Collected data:
☆ ☆ ☆ ☆

theorem theorem5:
  fixes f :: "'a::{real_inner, complete_space} \<Rightarrow> real"
    and g :: "'a \<Rightarrow> 'a"
    and x d :: "nat \<Rightarrow> 'a"
    and \<alpha> :: "nat \<Rightarrow> real"
    and lk :: "nat \<Rightarrow> nat"
    and x0 :: 'a
    and \<alpha>0 \<beta> \<rho> L flow c1 c2 \<sigma> \<theta> \<epsilon> :: real
    and T :: nat
  assumes grad: "\<And>y. (f has_derivative (\<lambda>h. g y \<bullet> h)) (at y)"
    and params: "\<alpha>0 > 0" "0 < \<beta>" "\<beta> < 1" "0 < \<rho>" "\<rho> < 1"
    and sig: "\<sigma> > 0" and th: "\<theta> > 1"
    and init: "x 0 = x0" "\<alpha> 0 = \<alpha>0"
    and descent: "\<And>k. g (x k) \<bullet> d k < 0"
    and finite_ls: "\<And>k. \<exists>l. ls_test f g \<rho> \<beta> (x k) (\<alpha> k) (d k) l
                          (metropolis_nu f \<sigma> \<theta> \<beta> k (x k) (\<alpha> k) (d k) l)"
    and lk_def: "\<And>k. lk k = (LEAST l. ls_test f g \<rho> \<beta> (x k) (\<alpha> k) (d k) l
                          (metropolis_nu f \<sigma> \<theta> \<beta> k (x k) (\<alpha> k) (d k) l))"
    and x_step: "\<And>k. x (Suc k) = x k + (\<alpha> k * \<beta> ^ lk k) *\<^sub>R d k"
    and \<alpha>_step: "\<And>k. \<alpha> (Suc k) = \<alpha> k * \<beta> powi (int (lk k) - 1)"
    and A1: "L > 0" "\<And>y z. norm (g y - g z) \<le> L * norm (y - z)"
    and A2: "\<And>y. f y \<ge> flow"
    and A3: "c1 > 0" "c2 > 0"
            "\<And>k. g (x k) \<bullet> d k \<le> - c1 * (norm (g (x k)))\<^sup>2"
            "\<And>k. norm (d k) \<le> c2 * norm (g (x k))"
    and eps: "\<epsilon> > 0"
    and T: "T > 0"
            "real T \<ge> 2 * max (\<sigma> * (\<Sum>k. 1 / (real k + 1) powr \<theta>)) (f x0 - flow)
                       / kappa_c \<rho> \<beta> \<alpha>0 c1 c2 L / \<epsilon>\<^sup>2"
  shows "Min ((\<lambda>k. norm (g (x k))) ` {..<T}) \<le> \<epsilon>"
proof -
  define \<tau> where "\<tau> = 2 * (1 - \<rho>) * c1 / (L * c2\<^sup>2)"
  define \<kappa> where "\<kappa> = kappa_c \<rho> \<beta> \<alpha>0 c1 c2 L"
  have \<tau>_pos: "0 < \<tau>" unfolding \<tau>_def using params A1 A3 by simp
  have \<kappa>: "\<kappa> = \<rho> * \<beta> * c1 * min \<alpha>0 \<tau>" "\<kappa> > 0"
    unfolding \<kappa>_def \<tau>_def using kappa_c_eq[of \<rho> \<beta> c1 L c2 \<alpha>0] params A1 A3 by auto
  have \<alpha>_pos: "0 < \<alpha> k" for k
    by (induction k) (use init params \<alpha>_step in auto)
  have rejected: "\<tau> < \<alpha> k * \<beta> ^ (lk k - 1)" if "0 < lk k" for k
    unfolding \<tau>_def lk_def
    by (rule ls_test_Least_rejected_step_gt[OF grad A1(2) A1(1) A3(2) _ A3(3,4)])
      (use \<alpha>_pos[of k] that params sig in \<open>auto simp: lk_def intro: metropolis_nu_nonneg\<close>)
  have step: "\<beta> * min \<alpha>0 \<tau> \<le> \<alpha> k * \<beta> ^ lk k" for k
    using backtracking_step_lower_bound[where \<alpha> = \<alpha> and l = lk,
        OF params(2,3) \<tau>_pos \<alpha>_pos \<alpha>_step rejected] init
    by simp
  have accepted: "ls_test f g \<rho> \<beta> (x k) (\<alpha> k) (d k) (lk k)
      (metropolis_nu f \<sigma> \<theta> \<beta> k (x k) (\<alpha> k) (d k) (lk k))" for k
    unfolding lk_def using finite_ls[of k] by (rule LeastI_ex)
  have decrease: "f (x (Suc k)) \<le> f (x k) - \<kappa> * (norm (g (x k)))\<^sup>2 + \<sigma> * (1 / (real k + 1) powr \<theta>)" for k
  proof -
    have "0 \<le> \<beta> * min \<alpha>0 \<tau>" using params \<tau>_pos by simp
    from ls_test_sufficient_decrease[OF accepted _ _ A3(3) this step] params A3
    have "f (x (Suc k)) \<le> f (x k) - \<kappa> * (norm (g (x k)))\<^sup>2
        + metropolis_nu f \<sigma> \<theta> \<beta> k (x k) (\<alpha> k) (d k) (lk k)"
      unfolding x_step \<kappa>(1) by (simp add: mult_ac)
    moreover have "metropolis_nu f \<sigma> \<theta> \<beta> k (x k) (\<alpha> k) (d k) (lk k) \<le> \<sigma> * (1 / (real k + 1) powr \<theta>)"
      using sig by (intro metropolis_nu_le) simp
    ultimately show ?thesis by linarith
  qed
  define M where "M = max (\<sigma> * (\<Sum>k. 1 / (real k + 1) powr \<theta>)) (f x0 - flow)"
  have M: "\<sigma> * (\<Sum>k. 1 / (real k + 1) powr \<theta>) \<le> M" "f x0 - flow \<le> M"
    unfolding M_def by simp_all
  have "\<sigma> * (\<Sum>k<T. 1 / (real k + 1) powr \<theta>) \<le> \<sigma> * (\<Sum>k. 1 / (real k + 1) powr \<theta>)"
    using sum_le_suminf[OF summable_one_over_Suc_powr[OF th]] sig by (intro mult_left_mono) auto
  then have "\<kappa> * (\<Sum>k<T. (norm (g (x k)))\<^sup>2) \<le> 2 * M"
    using telescoping_decrease_bound[where F = "\<lambda>k. f (x k)", OF decrease, of T] A2[of "x T"] M
    unfolding sum_distrib_left init(1) by linarith
  from Min_le_of_sum_squares_bound[OF T(1) \<kappa>(2) eps this] T(2)
  show ?thesis unfolding M_def \<kappa>_def by simp
qed
lemma sorted_append_list_mean:
  assumes "sorted (xs @ ys)" "xs \<noteq> []" "ys \<noteq> []"
  shows "list_mean xs \<le> list_mean (xs @ ys)" "list_mean (xs @ ys) \<le> list_mean ys"
proof -
  obtain a ys' where ys: "ys = a # ys'"
    using assms(3) by (meson neq_Nil_conv)
  define p q where "p = real (length xs)" and "q = real (length ys)"
  have "p > 0" "q > 0"
    using assms(2,3) by (simp_all add: p_def q_def)
  have "\<forall>x\<in>set xs. x \<le> a" "\<forall>y\<in>set ys. a \<le> y"
    using assms(1) by (auto simp: ys sorted_append)
  then have "sum_list xs \<le> p * a" "q * a \<le> sum_list ys"
    using sum_list_mono[of xs id "\<lambda>_. a"] sum_list_mono[of ys "\<lambda>_. a" id]
    by (simp_all add: p_def q_def sum_list_triv)
  then have key: "q * sum_list xs \<le> p * sum_list ys"
    using \<open>p > 0\<close> \<open>q > 0\<close>
    by (metis mult.left_commute mult_le_cancel_left_pos order_trans)
  have means: "list_mean xs = sum_list xs / p" "list_mean ys = sum_list ys / q"
    "list_mean (xs @ ys) = (sum_list xs + sum_list ys) / (p + q)"
    by (simp_all add: list_mean_def p_def q_def)
  show "list_mean xs \<le> list_mean (xs @ ys)" "list_mean (xs @ ys) \<le> list_mean ys"
    unfolding means using key \<open>p > 0\<close> \<open>q > 0\<close> by (simp_all add: field_simps)
qed
theorem theorem3p11:
  fixes T :: "real set" and c \<alpha> t :: real and m :: nat
  assumes "time_scale T" and "1 \<le> m" and "0 < \<alpha>" and "\<alpha> \<le> 1"
    and "t \<in> ts_kappa T"
  shows "has_nabla_frac (\<lambda>s. (s - c) ^ m) \<alpha>
           ((if \<alpha> \<noteq> 1 then (t - ts_rho T t) powr (1 - \<alpha>) else 1) *
            (\<Sum>\<nu>=0..m-1. (ts_rho T t - c) ^ \<nu> * (t - c) ^ (m - 1 - \<nu>))) T t
    \<and> ((ts_rho T t - c) * (t - c) \<noteq> 0 \<longrightarrow>
         has_nabla_frac (\<lambda>s. 1 / (s - c) ^ m) \<alpha>
           (- (if \<alpha> \<noteq> 1 then (t - ts_rho T t) powr (1 - \<alpha>) else 1) *
            (\<Sum>\<nu>=0..m-1. 1 / ((ts_rho T t - c) ^ (m - \<nu>) * (t - c) ^ (\<nu> + 1)))) T t)"
proof -
  define \<rho> where "\<rho> = ts_rho T t"
  have "t \<in> T" using assms(5) ts_kappa_subset by blast
  note nabla = has_nabla_frac_of_factorization[OF \<open>t \<in> T\<close> assms(3,4), folded \<rho>_def]
  have powers: "has_nabla_frac (\<lambda>s. (s - c) ^ m) \<alpha>
      ((if \<alpha> \<noteq> 1 then (t - \<rho>) powr (1 - \<alpha>) else 1) *
       (\<Sum>\<nu>=0..m-1. (\<rho> - c) ^ \<nu> * (t - c) ^ (m - 1 - \<nu>))) T t"
    using power_diff_eq_mult_sum[OF assms(2), of "_ - c" "\<rho> - c"]
    by (intro nabla[where Q = "\<lambda>s. \<Sum>\<nu>=0..m-1. (\<rho> - c) ^ \<nu> * (s - c) ^ (m - 1 - \<nu>)"]
        always_eventually allI continuous_intros) simp
  have reciprocals: "has_nabla_frac (\<lambda>s. 1 / (s - c) ^ m) \<alpha>
      (- (if \<alpha> \<noteq> 1 then (t - \<rho>) powr (1 - \<alpha>) else 1) *
       (\<Sum>\<nu>=0..m-1. 1 / ((\<rho> - c) ^ (m - \<nu>) * (t - c) ^ (\<nu> + 1)))) T t"
    if "(\<rho> - c) * (t - c) \<noteq> 0"
  proof -
    have "\<rho> \<noteq> c" "t \<noteq> c" using that by auto
    then have "\<forall>\<^sub>F s in nhds t. s \<noteq> c" by (intro t1_space_nhds)
    then have factor: "\<forall>\<^sub>F s in nhds t. 1 / (s - c) ^ m - 1 / (\<rho> - c) ^ m
        = (s - \<rho>) * - (\<Sum>\<nu>=0..m-1. 1 / ((\<rho> - c) ^ (m - \<nu>) * (s - c) ^ (\<nu> + 1)))"
    proof eventually_elim
      case (elim s)
      then show ?case
        using inverse_power_diff_eq_mult_sum[OF assms(2), of "s - c" "\<rho> - c"] \<open>\<rho> \<noteq> c\<close> by simp
    qed
    have "isCont (\<lambda>s. - (\<Sum>\<nu>=0..m-1. 1 / ((\<rho> - c) ^ (m - \<nu>) * (s - c) ^ (\<nu> + 1)))) t"
      using \<open>\<rho> \<noteq> c\<close> \<open>t \<noteq> c\<close> by (intro continuous_intros) auto
    from nabla[OF factor this] show ?thesis by simp
  qed
  show ?thesis using powers reciprocals unfolding \<rho>_def by blast
qed
(* Let $G=(V,E)$ be a forest with $V=\{1,\dots,n\}$ and adjacency matrix $A$. Then $$\beta(G)=\min\{\mathbf{e}^\top x \mid x \text{ solves } \mathrm{LCP}(A+I,-\mathbf{e})\},$$ where $I$ is the $n\times n$ identity matrix and $\mathbf{e}$ is the all-ones vector in $\mathbb{R}^n$.
   Context: A forest is a simple graph (finite, undirected, no loops or multiple edges) with no cycles, i.e. a disjoint union of trees. Its adjacency matrix $A=[a_{ij}]$ has $a_{ij}=1$ iff $\{i,j\}\in E$. An independent set is maximal if it is not properly contained in another independent set; $\beta(G)$ denotes the minimum cardinality of a maximal independent set of $G$ (the independent domination number). A vector $x\in\mathbb{R}^n$ solves $\mathrm{LCP}(M,q)$ if $x\geq 0$, $Mx+q\geq 0$ and $x^\top(Mx+q)=0$. *)

theory Defs
  imports Complex_Main
begin

definition simple_graph :: "nat \<Rightarrow> (nat \<Rightarrow> nat \<Rightarrow> bool) \<Rightarrow> bool" where
  "simple_graph n E \<longleftrightarrow>
     (\<forall>i j. E i j \<longrightarrow> i \<in> {1..n} \<and> j \<in> {1..n}) \<and>
     (\<forall>i j. E i j \<longrightarrow> E j i) \<and> (\<forall>i. \<not> E i i)"

definition is_cycle :: "(nat \<Rightarrow> nat \<Rightarrow> bool) \<Rightarrow> nat list \<Rightarrow> bool" where
  "is_cycle E vs \<longleftrightarrow> length vs \<ge> 3 \<and> distinct vs \<and>
     (\<forall>k < length vs - 1. E (vs ! k) (vs ! Suc k)) \<and> E (last vs) (hd vs)"

definition forest :: "nat \<Rightarrow> (nat \<Rightarrow> nat \<Rightarrow> bool) \<Rightarrow> bool" where
  "forest n E \<longleftrightarrow> simple_graph n E \<and> (\<nexists>vs. is_cycle E vs)"

definition adj_matrix :: "(nat \<Rightarrow> nat \<Rightarrow> bool) \<Rightarrow> nat \<Rightarrow> nat \<Rightarrow> real" where
  "adj_matrix E i j = (if E i j then 1 else 0)"

definition independent_set :: "nat \<Rightarrow> (nat \<Rightarrow> nat \<Rightarrow> bool) \<Rightarrow> nat set \<Rightarrow> bool" where
  "independent_set n E S \<longleftrightarrow> S \<subseteq> {1..n} \<and> (\<forall>i\<in>S. \<forall>j\<in>S. \<not> E i j)"

definition maximal_independent_set :: "nat \<Rightarrow> (nat \<Rightarrow> nat \<Rightarrow> bool) \<Rightarrow> nat set \<Rightarrow> bool" where
  "maximal_independent_set n E S \<longleftrightarrow> independent_set n E S \<and>
     (\<nexists>T. independent_set n E T \<and> S \<subset> T)"

definition indep_dom_number :: "nat \<Rightarrow> (nat \<Rightarrow> nat \<Rightarrow> bool) \<Rightarrow> nat" where
  "indep_dom_number n E = Min (card ` {S. maximal_independent_set n E S})"
lemma adaptive_beta_swap_ineq:
  fixes m t :: nat and A B C :: real
  assumes m: "1 \<le> m" and t: "m + 1 \<le> t"
  defines "A \<equiv> real m / ln (real t / real m)"
    and "B \<equiv> real m / ln (real (t + 1) / real m)"
    and "C \<equiv> real (m + 1) / ln (real (t + 1) / real (m + 1))"
  shows "A / (t + C) < B / (t + B)"
proof -
  define a where "a = ln (real t / real m)"
  define b where "b = ln (real (t + 1) / real m)"
  define c where "c = ln (real (t + 1) / real (m + 1))"
  have pos: "a > 0" "b > 0" "c > 0"
    using assms by (simp_all add: a_def b_def c_def field_simps)
  have "b - a = ln (1 + 1 / t)"
    using assms by (simp add: a_def b_def ln_div field_simps)
  also have "\<dots> < 1 / t"
    using t by (intro ln_add_one_self_less_self) simp
  finally have ba: "t * (b - a) < 1"
    using t by (simp add: field_simps)
  have "real (t + 1) / (m + 1) < real t / m"
    using assms by (simp add: field_simps)
  then have "c < a"
    using assms by (simp add: a_def c_def)
  then have "(m + 1) * c < (m + 1) * a"
    by (intro mult_strict_left_mono) auto
  then have "(m + 1) * a / c > m + 1"
    using pos by (simp add: field_simps)
  then have key: "t * b + m < t * a + (m + 1) * a / c"
    using ba by (simp add: algebra_simps)
  have "A * (t + B) = m / (a * b) * (t * b + m)"
    using pos by (simp add: A_def B_def a_def b_def field_simps)
  also have "\<dots> < m / (a * b) * (t * a + (m + 1) * a / c)"
    using key pos m by (intro mult_strict_left_mono) auto
  also have "\<dots> = B * (t + C)"
    using pos by (simp add: B_def C_def b_def c_def field_simps)
  finally have "A * (t + B) < B * (t + C)" .
  moreover have "t + B > 0" "t + C > 0"
    using pos m unfolding B_def C_def b_def[symmetric] c_def[symmetric]
    by (auto intro!: add_nonneg_pos divide_pos_pos)
  ultimately show ?thesis
    by (simp add: field_simps)
qed
definition norm_gamma :: "real \<Rightarrow> nat \<Rightarrow> (nat \<Rightarrow> 'a::real_inner) \<Rightarrow> real" where
  "norm_gamma \<gamma> n p = sqrt (inner_gamma \<gamma> n p p)"

definition affine_fun_on :: "(nat \<Rightarrow> 'a::real_vector) set \<Rightarrow> ((nat \<Rightarrow> 'a) \<Rightarrow> real) \<Rightarrow> bool" where
  "affine_fun_on S f \<longleftrightarrow> (\<forall>p\<in>S. \<forall>q\<in>S. \<forall>t::real.
     f (\<lambda>i. (1 - t) *\<^sub>R p i + t *\<^sub>R q i) = (1 - t) * f p + t * f q)"

definition has_gradient_on :: "real \<Rightarrow> nat \<Rightarrow> (nat \<Rightarrow> 'a::real_inner) set \<Rightarrow> ((nat \<Rightarrow> 'a) \<Rightarrow> real) \<Rightarrow> (nat \<Rightarrow> 'a) \<Rightarrow> bool" where
  "has_gradient_on \<gamma> n S f g \<longleftrightarrow> g \<in> S \<and>
     (\<forall>p\<in>S. \<forall>\<epsilon>>0. \<exists>\<delta>>0. \<forall>h\<in>S. norm_gamma \<gamma> n h < \<delta> \<longrightarrow>
        \<bar>f (\<lambda>i. p i + h i) - f p - inner_gamma \<gamma> n g h\<bar> \<le> \<epsilon> * norm_gamma \<gamma> n h)"

end

theory Submission
  imports Defs
begin

text \<open>Each \<open>\<phi>\<^sub>k\<close> is affine, \<open>\<phi>\<^sub>k(p) = \<langle>\<nabla>\<phi>\<^sub>k, p\<rangle>\<^sub>\<gamma> + \<phi>\<^sub>k(0)\<close>, and the adjoint identity
  \<open>\<Sum>\<^sub>i \<langle>G\<^sub>i \<xi>, w\<^sub>i\<rangle> = 0\<close> (valid whenever \<open>w\<^sub>n = -\<Sum> G\<^sub>i\<^sup>* w\<^sub>i\<close>) rearranges it into the
  separable form (b). Each step of Algorithm PS is a forward-backward step, so
  \<open>y\<^sub>i\<^sup>k \<in> A\<^sub>i x + B\<^sub>i x + C\<^sub>i(G\<^sub>i z\<^sup>k) + D\<^sub>i x\<close> with \<open>x = x\<^sub>i\<^sup>k\<close>. At a point of the extended
  solution set, monotonicity of \<open>A\<^sub>i\<close>, \<open>B\<^sub>i\<close>, \<open>D\<^sub>i\<close> leaves only the \<open>C\<^sub>i\<close>-term in each summand
  of (b), and cocoercivity together with Young's inequality bounds it by
  \<open>\<parallel>x\<^sub>i\<^sup>k - G\<^sub>i z\<^sup>k\<parallel>\<^sup>2/(4\<beta>\<^sub>i)\<close>; hence \<open>\<phi>\<^sub>k \<le> 0\<close> there. The update is then a relaxed projection
  onto a half-space containing the extended solution set, so \<open>\<parallel>p\<^sup>k - s\<parallel>\<^sub>\<gamma>\<close> is nonincreasing for
  each of its points \<open>s\<close> (one exists by (A6)). This bounds \<open>z\<^sup>k\<close> and \<open>w\<^sub>i\<^sup>k\<close> for \<open>i < n\<close>, and
  \<open>w\<^sub>n\<^sup>k\<close> is their image under bounded adjoints.\<close>

lemma maximal_monotone_on_memD:
  assumes "maximal_monotone_on S A" "a \<in> A x"
  shows "x \<in> S" "a \<in> S"
  using assms unfolding maximal_monotone_on_def by blast+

☆ ☆ ☆ ☆

#### Problem description:
Please let your answer be exactly the lines from the one holding "a relaxed projection" through the last line of the entries above, both ends included.

#### Final answer:
  \<open>\<parallel>x\<^sub>i\<^sup>k - G\<^sub>i z\<^sup>k\<parallel>\<^sup>2/(4\<beta>\<^sub>i)\<close>; hence \<open>\<phi>\<^sub>k \<le> 0\<close> there. The update is then a relaxed projection
  onto a half-space containing the extended solution set, so \<open>\<parallel>p\<^sup>k - s\<parallel>\<^sub>\<gamma>\<close> is nonincreasing for
  each of its points \<open>s\<close> (one exists by (A6)). This bounds \<open>z\<^sup>k\<close> and \<open>w\<^sub>i\<^sup>k\<close> for \<open>i < n\<close>, and
  \<open>w\<^sub>n\<^sup>k\<close> is their image under bounded adjoints.\<close>

lemma maximal_monotone_on_memD:
  assumes "maximal_monotone_on S A" "a \<in> A x"
  shows "x \<in> S" "a \<in> S"
  using assms unfolding maximal_monotone_on_def by blast+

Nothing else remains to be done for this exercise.